Required work =
Quote, without any change, the line that contains "unfolding lower_inverse_def using" and all lines that follow it to the end of the data below.

── Records for processing

(* Let $(\Omega,\mathcal F,\mathbb P)$ and $u:\Omega\times\mathbb R\to\mathbb R$ satisfy: (i) for every $\omega$, $u(\omega,\cdot)$ is right continuous with left limits, nondecreasing, and $u(\omega,0)=0$; (ii) $u(\cdot,x)\in\mathcal L^1(\Omega,\mathcal F,\mathbb P)$ for every $x$; (iii) $T_u(f):=\int_\Omega u(\omega,f(\omega))\,\mathbb P(d\omega)$ is continuous from below on $\mathcal L^\infty(\Omega,\mathcal F)$ (i.e. $T_u(f_n)\to T_u(f)$ whenever $f_n(\omega)\uparrow f(\omega)$ for every $\omega$, all bounded measurable). Then there exists $\widehat u:\Omega\times\mathbb R\to\mathbb R$ with $\widehat u(\omega,\cdot)$ nondecreasing and continuous for every $\omega$, such that $E:=\{\omega: u(\omega,x)=\widehat u(\omega,x)\ \forall x\in\mathbb R\}\in\mathcal F$, $\mathbb P(E)=1$, and $T_u(f)=T_{\widehat u}(f)$ for every $f\in\mathcal L^\infty(\Omega,\mathcal F)$. Moreover, if $u(\omega,\cdot)$ is strictly increasing for every $\omega$, then $\widehat u(\omega,\cdot)$ can be taken strictly increasing for every $\omega$.
   Context: $\mathcal L^\infty(\Omega,\mathcal F)$: bounded $\mathcal F$-measurable real functions; $T_{\widehat u}$ is defined analogously to $T_u$. *)

theory Defs
  imports "HOL-Probability.Probability"
begin

definition Linf :: "'a measure \<Rightarrow> ('a \<Rightarrow> real) set" where
  "Linf M = {f. f \<in> borel_measurable M \<and> (\<exists>c. \<forall>\<omega>\<in>space M. \<bar>f \<omega>\<bar> \<le> c)}"

definition T_fun :: "'a measure \<Rightarrow> ('a \<Rightarrow> real \<Rightarrow> real) \<Rightarrow> ('a \<Rightarrow> real) \<Rightarrow> real" where
  "T_fun M u f = (\<integral>\<omega>. u \<omega> (f \<omega>) \<partial>M)"

definition cont_from_below :: "'a measure \<Rightarrow> ('a \<Rightarrow> real \<Rightarrow> real) \<Rightarrow> bool" where
  "cont_from_below M u \<longleftrightarrow>
     (\<forall>F f. (\<forall>n. F n \<in> Linf M) \<and> f \<in> Linf M \<and>
        (\<forall>\<omega>\<in>space M. incseq (\<lambda>n. F n \<omega>) \<and> (\<lambda>n. F n \<omega>) \<longlonglongrightarrow> f \<omega>)
        \<longrightarrow> (\<lambda>n. T_fun M u (F n)) \<longlonglongrightarrow> T_fun M u f)"

end

theory Submission
  imports Defs
begin

text \<open>
  A monotone function is continuous unless it has a left jump, and a jump of size at least
  \<open>c\<close> at a point \<open>x\<close> can be located measurably: \<open>x\<close> is the truncated generalised inverse of
  \<open>u \<omega>\<close> at a rational level between the two one-sided limits. For a bounded measurable \<open>f\<close>,
  continuity from below along \<open>f - 1/(n+1) \<up> f\<close> forces
  \<open>\<integral> u \<omega> (f \<omega>) - u \<omega> (f \<omega> - 1/(n+1)) \<partial>P \<rightarrow> 0\<close>, so jumps of size \<open>c\<close> at \<open>f \<omega>\<close> occur only on
  a null set. Countably many choices of level, truncation and jump size therefore show that
  \<open>u \<omega>\<close> is continuous for almost every \<open>\<omega>\<close>; on the remaining null set replace \<open>u \<omega>\<close> by the
  identity, which changes no integral and keeps strict monotonicity.
\<close>

text \<open>The point \<open>m\<close> makes the infimum well defined, with value \<open>m\<close>, when \<open>g\<close> stays below \<open>y\<close>
  on \<open>[-m, m]\<close>.\<close>

definition lower_inverse :: "nat \<Rightarrow> (real \<Rightarrow> real) \<Rightarrow> real \<Rightarrow> real" where
  "lower_inverse m g y = Inf ({x. - real m \<le> x \<and> x \<le> real m \<and> y \<le> g x} \<union> {real m})"

lemma bdd_below_lower_inverse_set:
  "bdd_below ({x. - real m \<le> x \<and> x \<le> real m \<and> y \<le> g x} \<union> {real m})"
  by (rule bdd_belowI[of _ "- real m"]) auto

lemma lower_inverse_bounds: "- real m \<le> lower_inverse m g y \<and> lower_inverse m g y \<le> real m"
  unfolding lower_inverse_def
  by (intro conjI cInf_greatest cInf_lower bdd_below_lower_inverse_set) auto

lemma le_at_lower_inverse:
  assumes mono: "mono g" and right_cont: "continuous (at_right (lower_inverse m g y)) g"
    and less: "lower_inverse m g y < real m"
  shows "y \<le> g (lower_inverse m g y)"
proof -
  let ?S = "{x. - real m \<le> x \<and> x \<le> real m \<and> y \<le> g x} \<union> {real m}"
  let ?x = "lower_inverse m g y"
  have above: "y \<le> g z" if "?x < z" for z
  proof -
    have "Inf ?S < min z (real m)" using that less unfolding lower_inverse_def by simp
    then obtain s where "s \<in> ?S" "s < min z (real m)"
      using cInf_less_iff[OF _ bdd_below_lower_inverse_set] by blast
    then have "y \<le> g s" "s \<le> z" by auto
    then show ?thesis using mono by (meson monoD order_trans)
  qed
  have "(g \<longlongrightarrow> g ?x) (at_right ?x)" using right_cont by (simp add: continuous_within)
  moreover have "eventually (\<lambda>z. y \<le> g z) (at_right ?x)"
    unfolding eventually_at_filter by (intro always_eventually) (auto intro: above)
  ultimately show ?thesis by (rule tendsto_lowerbound) simp
qed

lemma lower_inverse_le_iff:
  assumes mono: "mono g" and right_cont: "\<And>x. continuous (at_right x) g"
    and t: "- real m \<le> t" "t < real m"
  shows "lower_inverse m g y \<le> t \<longleftrightarrow> y \<le> g t"
proof
  assume le: "lower_inverse m g y \<le> t"
  with t have "lower_inverse m g y < real m" by simp
  from le_at_lower_inverse[OF mono right_cont this] le mono show "y \<le> g t"
    by (meson monoD order_trans)
next
  assume "y \<le> g t"
  then show "lower_inverse m g y \<le> t"
    unfolding lower_inverse_def using t by (intro cInf_lower bdd_below_lower_inverse_set) auto
qed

────

Your response =
    unfolding lower_inverse_def using t by (intro cInf_lower bdd_below_lower_inverse_set) auto
qed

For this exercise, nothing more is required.